Records drawn from a dataset
= = = =

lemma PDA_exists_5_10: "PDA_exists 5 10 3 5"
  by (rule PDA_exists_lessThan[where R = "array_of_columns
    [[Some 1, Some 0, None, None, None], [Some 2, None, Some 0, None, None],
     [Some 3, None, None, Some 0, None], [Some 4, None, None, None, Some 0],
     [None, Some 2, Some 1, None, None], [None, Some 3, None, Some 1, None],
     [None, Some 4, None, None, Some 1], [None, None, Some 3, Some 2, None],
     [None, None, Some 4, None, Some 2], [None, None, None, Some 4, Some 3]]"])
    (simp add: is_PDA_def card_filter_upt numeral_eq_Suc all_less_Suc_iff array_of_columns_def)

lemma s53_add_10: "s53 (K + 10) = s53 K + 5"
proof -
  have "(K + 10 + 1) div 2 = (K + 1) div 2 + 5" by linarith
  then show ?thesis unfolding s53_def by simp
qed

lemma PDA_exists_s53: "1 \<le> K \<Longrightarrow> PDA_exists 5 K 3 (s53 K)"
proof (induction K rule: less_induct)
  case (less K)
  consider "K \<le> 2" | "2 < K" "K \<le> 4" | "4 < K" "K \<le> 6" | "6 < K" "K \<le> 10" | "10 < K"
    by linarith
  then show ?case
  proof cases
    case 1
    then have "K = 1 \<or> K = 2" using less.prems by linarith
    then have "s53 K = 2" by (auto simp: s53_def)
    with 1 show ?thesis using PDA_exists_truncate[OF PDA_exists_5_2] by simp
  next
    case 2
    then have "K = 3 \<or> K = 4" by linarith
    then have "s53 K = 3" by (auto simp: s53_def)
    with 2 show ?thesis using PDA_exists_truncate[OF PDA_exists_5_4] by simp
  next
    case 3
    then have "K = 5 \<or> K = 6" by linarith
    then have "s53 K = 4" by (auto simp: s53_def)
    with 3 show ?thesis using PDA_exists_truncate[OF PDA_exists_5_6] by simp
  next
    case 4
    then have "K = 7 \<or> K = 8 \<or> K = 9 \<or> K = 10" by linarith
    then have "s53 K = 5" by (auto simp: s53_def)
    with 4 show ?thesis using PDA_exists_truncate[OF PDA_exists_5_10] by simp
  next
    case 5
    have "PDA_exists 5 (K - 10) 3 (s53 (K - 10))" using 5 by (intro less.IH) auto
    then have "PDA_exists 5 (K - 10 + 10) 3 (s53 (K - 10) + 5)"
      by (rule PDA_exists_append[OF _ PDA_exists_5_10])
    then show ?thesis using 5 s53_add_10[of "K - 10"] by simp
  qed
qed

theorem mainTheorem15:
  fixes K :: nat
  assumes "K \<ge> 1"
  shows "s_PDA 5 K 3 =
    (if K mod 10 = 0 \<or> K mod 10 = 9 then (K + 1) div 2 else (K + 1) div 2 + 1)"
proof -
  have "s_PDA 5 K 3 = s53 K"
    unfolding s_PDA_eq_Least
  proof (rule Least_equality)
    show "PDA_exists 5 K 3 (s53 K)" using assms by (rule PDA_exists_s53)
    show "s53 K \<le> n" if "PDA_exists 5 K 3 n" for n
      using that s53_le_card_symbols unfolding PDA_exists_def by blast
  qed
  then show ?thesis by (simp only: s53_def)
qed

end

= = = =

- **Task description**
Transcribe only the lines from the beginning of the entries to the line with "[None, None, Some 4, None, Some", inclusive, exactly as written.

- **Completed exercise**
lemma PDA_exists_5_10: "PDA_exists 5 10 3 5"
  by (rule PDA_exists_lessThan[where R = "array_of_columns
    [[Some 1, Some 0, None, None, None], [Some 2, None, Some 0, None, None],
     [Some 3, None, None, Some 0, None], [Some 4, None, None, None, Some 0],
     [None, Some 2, Some 1, None, None], [None, Some 3, None, Some 1, None],
     [None, Some 4, None, None, Some 1], [None, None, Some 3, Some 2, None],
     [None, None, Some 4, None, Some 2], [None, None, None, Some 4, Some 3]]"])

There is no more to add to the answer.